== Segment start ==

(* The functions $\Psi$ (in the correlated setting) and $\Phi^{\ge\nu-1}$ are monotone and submodular set functions on their respective domains $V\times\{0\}$ and $\hat V$.
   Context: Triggering model: for a directed graph $G=(V,E)$ and $p:E\to[0,1]$, an outcome $X=(T_v)_{v\in V}$ is obtained by having each node $v$ independently choose a subset $T_v$ of its in-neighbours $N_v$, with $T_v=S$ with probability $\prod_{u\in S}p_{uv}\prod_{u\in N_v\setminus S}(1-p_{uv})$; $\rho_X(A)$ is the set of nodes reachable from $A\subseteq V$ via arcs $\{(u,v):u\in T_v\}$. $\mathrm{BAL}(\mu,\nu)$ for integer constants $\mu\ge\nu\ge2$: instance = directed graph $G=(V,E)$, probability functions $p_1,\dots,p_\mu:E\to[0,1]$, seed sets $\mathcal I=(I_1,\dots,I_\mu)$, budget $k\ge2$. Let $\hat V=V\times[\mu]$; $\mathcal S\subseteq\hat V$ is identified with $(S_1,\dots,S_\mu)$, $S_i=\{v:(v,i)\in\mathcal S\}$. An outcome profile $\mathcal X=(X_1,\dots,X_\mu)$ consists of outcomes $X_i$ w.r.t. $p_i$ (independent in the heterogeneous setting; in the correlated setting all $p_i$ coincide and $X_1=\dots=X_\mu=X$). Campaign $i$ reaches $v$ from seeds $A_i$ if $v\in\rho_{X_i}(A_i)$. $V^j_{\mathcal X}$ is the set of nodes reached by exactly $j$ campaigns from $\mathcal I$. $\Phi^{\ge\nu-1}(\mathcal S)$ is the expected number of nodes $v\notin\bigcup_{j<\nu-1}V^j_{\mathcal X}$ reached by none or by at least $\nu$ campaigns from $(I_i\cup S_i)_i$. In the correlated setting, for $\mathcal T\subseteq V\times\{0\}$ with node set $T$, $\Psi(\mathcal T)=\mathbb E\big[\big|(\rho_X(T)\cap\bigcup_{j=1}^{\nu-1}V^j_{\mathcal X})\cup\bigcup_{j=\nu}^\mu V^j_{\mathcal X}\big|\big]$. *)

theory Defs
  imports Complex_Main "HOL-Library.FuncSet"
begin
(* Let $(M,d)$ be a pointed metric space. The space $\mathrm{Lip}_0(M)$ has the SD2P if and only if for every $n\in\mathbb N$, all optimal $\mu_1,\dots,\mu_n\in ba(\widetilde M)$ with $\|\mu_i\|=1$, and every $\gamma\in(0,1)$, there exist subsets $A_1,\dots,A_n\subseteq\widetilde M$ and $u,v\in M$ with $u\ne v$ such that for every $i\in\{1,\dots,n\}$, $\mu_i(A_i)\ge\gamma$ and both $A_i\cup\{(u,v)\}$ and $A_i\cup\{(v,u)\}$ are $\gamma$-cyclically monotonic.
   Context: $M$ has base point $0$; $\mathrm{Lip}_0(M)$ is the real Banach space of Lipschitz $f\colon M\to\mathbb R$ with $f(0)=0$, normed by the best Lipschitz constant. A Banach space $X$ has the strong diameter 2 property (SD2P) if for all $n\in\mathbb N$, $\lambda_1,\dots,\lambda_n\ge0$ with $\sum\lambda_i=1$ and slices $S_1,\dots,S_n$ of $B_X$ (a slice is $\{x\in B_X:x^*(x)>1-\alpha\}$ with $\|x^*\|=1$, $\alpha>0$), the set $\sum_i\lambda_iS_i$ has diameter $2$. $\widetilde M=\{(x,y)\in M\times M:x\ne y\}$. $ba(\widetilde M)$ is the Banach space of bounded finitely additive signed measures on the power set of $\widetilde M$ with norm $|\mu|(\widetilde M)$. $\Phi f(x,y)=(f(x)-f(y))/d(x,y)$ and $(\Phi^*\mu)(f)=\int_{\widetilde M}\Phi f\,d\mu$. $\mu$ is optimal if positive and $\|\Phi^*\mu\|=\|\mu\|$. For $\gamma\in(0,1]$, $A\subseteq\widetilde M$ is $\gamma$-cyclically monotonic if for every finite sequence $(x_1,y_1),\dots,(x_k,y_k)\in A$, with $y_{k+1}=y_1$, $\sum_{i=1}^k\min\{d(x_i,y_{i+1})-\gamma d(x_i,y_i),\,d(y_i,y_{i+1})\}\ge0$. *)

theory Defs
  imports "HOL-Analysis.Analysis"
begin

definition offdiag :: "('a \<times> 'a) set" where
  "offdiag = {(x, y). x \<noteq> y}"

section \<open>Lip_0(M) for a pointed metric space (M = UNIV of a metric_space type, base point z0)\<close>

definition Lip0 :: "'a::metric_space \<Rightarrow> ('a \<Rightarrow> real) set" where
  "Lip0 z0 = {f. f z0 = 0 \<and> (\<exists>L. \<forall>x y. \<bar>f x - f y\<bar> \<le> L * dist x y)}"

definition lipnorm :: "('a::metric_space \<Rightarrow> real) \<Rightarrow> real" where
  "lipnorm f = Sup (insert 0 {\<bar>f x - f y\<bar> / dist x y | x y. x \<noteq> y})"

definition is_lip0_functional :: "'a::metric_space \<Rightarrow> (('a \<Rightarrow> real) \<Rightarrow> real) \<Rightarrow> bool" where
  "is_lip0_functional z0 \<phi> \<longleftrightarrow>
     (\<forall>f\<in>Lip0 z0. \<forall>g\<in>Lip0 z0. \<phi> (\<lambda>x. f x + g x) = \<phi> f + \<phi> g) \<and>
     (\<forall>c. \<forall>f\<in>Lip0 z0. \<phi> (\<lambda>x. c * f x) = c * \<phi> f) \<and>
     (\<exists>C. \<forall>f\<in>Lip0 z0. \<bar>\<phi> f\<bar> \<le> C * lipnorm f)"

definition dual_norm :: "'a::metric_space \<Rightarrow> (('a \<Rightarrow> real) \<Rightarrow> real) \<Rightarrow> real" where
  "dual_norm z0 \<phi> = Sup {\<bar>\<phi> f\<bar> | f. f \<in> Lip0 z0 \<and> lipnorm f \<le> 1}"

definition slice :: "'a::metric_space \<Rightarrow> (('a \<Rightarrow> real) \<Rightarrow> real) \<Rightarrow> real \<Rightarrow> ('a \<Rightarrow> real) set" where
  "slice z0 \<phi> \<alpha> = {f \<in> Lip0 z0. lipnorm f \<le> 1 \<and> \<phi> f > 1 - \<alpha>}"

definition lip_diam :: "('a::metric_space \<Rightarrow> real) set \<Rightarrow> real" where
  "lip_diam S = Sup {lipnorm (\<lambda>x. g x - h x) | g h. g \<in> S \<and> h \<in> S}"

definition SD2P :: "'a::metric_space \<Rightarrow> bool" where
  "SD2P z0 \<longleftrightarrow>
     (\<forall>n::nat. n \<ge> 1 \<longrightarrow>
       (\<forall>(lam :: nat \<Rightarrow> real) (\<phi> :: nat \<Rightarrow> ('a \<Rightarrow> real) \<Rightarrow> real) (\<alpha> :: nat \<Rightarrow> real).
          (\<forall>i\<in>{1..n}. lam i \<ge> 0) \<and> (\<Sum>i\<in>{1..n}. lam i) = 1 \<and>
          (\<forall>i\<in>{1..n}. is_lip0_functional z0 (\<phi> i) \<and> dual_norm z0 (\<phi> i) = 1 \<and> \<alpha> i > 0)
          \<longrightarrow> lip_diam {g. \<exists>f :: nat \<Rightarrow> 'a \<Rightarrow> real.
                          (\<forall>i\<in>{1..n}. f i \<in> slice z0 (\<phi> i) (\<alpha> i)) \<and>
                          g = (\<lambda>x. \<Sum>i\<in>{1..n}. lam i * f i x)} = 2))"
text \<open>tau: classes in order, vertices inside each class ordered by the reverse of rho,
  s moved to the leftmost position; then the whole order reversed.\<close>
definition ordering_tau :: "'a set \<Rightarrow> ('a \<Rightarrow> 'a \<Rightarrow> bool) \<Rightarrow> 'a \<Rightarrow> 'a list \<Rightarrow> 'a list \<Rightarrow> 'a list" where
  "ordering_tau V E s \<rho> \<beta> = rev (s # filter (\<lambda>x. x \<noteq> s)
      (concat (map (\<lambda>C. filter (\<lambda>x. x \<in> C) (rev \<rho>)) (ordering_partition V E \<beta>))))"

text \<open>sigma is an output of Ordering(G,T,s,rho), for some choice of BFS order of T.\<close>
definition ordering_output :: "'a set \<Rightarrow> ('a \<Rightarrow> 'a \<Rightarrow> bool) \<Rightarrow> ('a \<Rightarrow> 'a) \<Rightarrow> 'a \<Rightarrow> 'a list \<Rightarrow> 'a list \<Rightarrow> bool" where
  "ordering_output V E p s \<rho> \<sigma> \<longleftrightarrow>
     (\<exists>\<alpha>. is_bfs_order V (tree_edge V s p) s \<alpha> \<and>
        dfs_plus V (tree_edge V s p) (ordering_tau V E s \<rho> (rev \<alpha>)) \<sigma>)"

end

theory Submission
  imports Defs
begin

(* First, since DFS+ always continues with the rightmost
   admissible vertex of tau, the later sibling w of v was still available when sigma
   visited v, so w is left of v in tau. Second, every neighbour x of v preceding v in the
   BFS order alpha is a tree ancestor of v (T is a DFS tree), hence precedes v in sigma,
   hence is also a neighbour of w and a tree ancestor of w. So every refining set
   containing v contains w, the class of w never ends up after the class of v, and if v
   were left of w in rho then v would be left of w in tau. *)

lemma prec_iff_decomp: "prec xs a b \<longleftrightarrow> (\<exists>ys zs. xs = ys @ a # zs \<and> b \<in> set zs)"
proof
  assume "prec xs a b"
  then obtain i j where ij: "i < j" "j < length xs" "xs ! i = a" "xs ! j = b"
    unfolding prec_def by blast
  then have "xs = take i xs @ a # drop (Suc i) xs"
    by (metis id_take_nth_drop less_trans)
  moreover have "b \<in> set (drop (Suc i) xs)"
    using ij by (auto simp: in_set_conv_nth intro!: exI[of _ "j - Suc i"])
  ultimately show "\<exists>ys zs. xs = ys @ a # zs \<and> b \<in> set zs" by blast
next
  assume "\<exists>ys zs. xs = ys @ a # zs \<and> b \<in> set zs"
  then obtain ys zs k where "xs = ys @ a # zs" "k < length zs" "zs ! k = b"
    by (metis in_set_conv_nth)
  then show "prec xs a b"
    unfolding prec_def by (intro exI[of _ "length ys"] exI[of _ "length ys + Suc k"]) (simp add: nth_append)
qed

lemma prec_nth: "i < j \<Longrightarrow> j < length xs \<Longrightarrow> prec xs (xs ! i) (xs ! j)"
  unfolding prec_def by blast

lemma prec_nth_iff:
  "distinct xs \<Longrightarrow> i < length xs \<Longrightarrow> j < length xs \<Longrightarrow> prec xs (xs ! i) (xs ! j) \<longleftrightarrow> i < j"
  unfolding prec_def by (metis nth_eq_iff_index_eq order.strict_trans)

lemma prec_append_left: "prec xs a b \<Longrightarrow> prec (xs @ ys) a b"
  unfolding prec_iff_decomp by fastforce

lemma prec_append_right: "prec ys a b \<Longrightarrow> prec (xs @ ys) a b"
  unfolding prec_iff_decomp by (metis append.assoc)

lemma prec_append_across: "a \<in> set xs \<Longrightarrow> b \<in> set ys \<Longrightarrow> prec (xs @ ys) a b"
  unfolding prec_iff_decomp by (metis append.assoc append_Cons in_set_conv_decomp set_append UnI2)

lemma prec_filter:
  assumes "prec xs a b" "P a" "P b"
  shows "prec (filter P xs) a b"
proof -
  obtain ys zs where "xs = ys @ a # zs" "b \<in> set zs"
    using assms(1) unfolding prec_iff_decomp by blast
  with assms(2,3) show ?thesis
    unfolding prec_iff_decomp by (intro exI[of _ "filter P ys"] exI[of _ "filter P zs"]) auto
qed

lemma prec_rev: "prec (rev xs) a b \<longleftrightarrow> prec xs b a"
proof -
  have "prec xs b a" if prec: "prec (rev xs) a b" for xs :: "'a list" and a b
  proof -
    obtain ys zs where "rev xs = ys @ a # zs" "b \<in> set zs"
      using prec unfolding prec_iff_decomp by blast
    moreover obtain us vs where "rev zs = us @ b # vs"
      using \<open>b \<in> set zs\<close> by (metis in_set_conv_decomp set_rev)
    ultimately have "xs = us @ b # (vs @ a # rev ys)"
      by (simp add: rev_swap)
    then show ?thesis
      unfolding prec_iff_decomp by (intro exI[of _ us] exI[of _ "vs @ a # rev ys"]) simp
  qed
  then show ?thesis by (metis rev_rev_ident)
qed

lemma prec_neq: "distinct xs \<Longrightarrow> prec xs a b \<Longrightarrow> a \<noteq> b"
  unfolding prec_def by (metis nth_eq_iff_index_eq order.strict_trans less_irrefl)
(* Consider the patient model in the context with actions from an $(r,k)$-exploratory policy over a trajectory of length $T$, and let $N_i:=\sum_{t=1}^T\mathbf 1_{\{u_t=e_i\}}$. Let $\mathcal E_N(r,T,k)$ be the event $\{N_i>\frac{r(T-k)}{2(M+1)}\text{ for all }i=1,\dots,M\}$. Then for $\delta\in(0,1)$, $\mathbf P(\mathcal E_N(r,T,k))\geq1-\delta$ whenever $T\geq k+\frac8r(M+1)\log(M/\delta)$.
   Context: Patient model: $M\geq1$ treatments; $\mathcal U:=\{v\in\{0,1\}^M:\|v\|_0\leq1\}$ (so $|\mathcal U|=M+1$), $e_i$ basis vectors. $x_{t+1}=ax_t+b^\top u_t+c^\top d_t+w_t$, adherence $d^i_t\mid x_t,u^i_t\sim\mathrm{Bernoulli}(u^i_t\sigma(x_t+\mu_i))$, $\sigma$ the sigmoid; $x_1$ distributed as the noise. Parameters $a\in[0,\bar a]$ (known $\bar a\in(0,1)$), $\|b\|_\infty\leq\bar b$, $\|c\|_\infty\leq\bar c$, $\mu\in[-\bar\mu,\bar\mu]^M$. $x_t,u_t,d_t$ fully observed. Noise i.i.d., zero-symmetric, $\sigma_s^2$-subgaussian, bounded by $\bar w>0$, log-concave density, known variance. With $\mathcal F_t:=\sigma(x_{0:t},u_{0:t},d_{0:t},w_{0:t})$, an $(r,k)$-exploratory policy ($r\in(0,1]$, $k\in\mathbb N$) is one that in every block $\{j+1,\dots,j+k\}$, $j\geq0$, almost surely takes at least $\lceil rk\rceil$ actions drawn uniformly from $\mathcal U$ independently of $\mathcal F_{t-1}$. *)

theory Defs
  imports "HOL-Probability.Probability"
begin

definition sigmoid :: "real \<Rightarrow> real" where
  "sigmoid z = 1 / (1 + exp (- z))"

== Segment end ==

== TASK STATEMENT ==
Show all lines from the entries that hold "bool".

== RESPONSE TO THIS TASK ==
definition is_lip0_functional :: "'a::metric_space \<Rightarrow> (('a \<Rightarrow> real) \<Rightarrow> real) \<Rightarrow> bool" where
definition SD2P :: "'a::metric_space \<Rightarrow> bool" where
definition ordering_tau :: "'a set \<Rightarrow> ('a \<Rightarrow> 'a \<Rightarrow> bool) \<Rightarrow> 'a \<Rightarrow> 'a list \<Rightarrow> 'a list \<Rightarrow> 'a list" where
definition ordering_output :: "'a set \<Rightarrow> ('a \<Rightarrow> 'a \<Rightarrow> bool) \<Rightarrow> ('a \<Rightarrow> 'a) \<Rightarrow> 'a \<Rightarrow> 'a list \<Rightarrow> 'a list \<Rightarrow> bool" where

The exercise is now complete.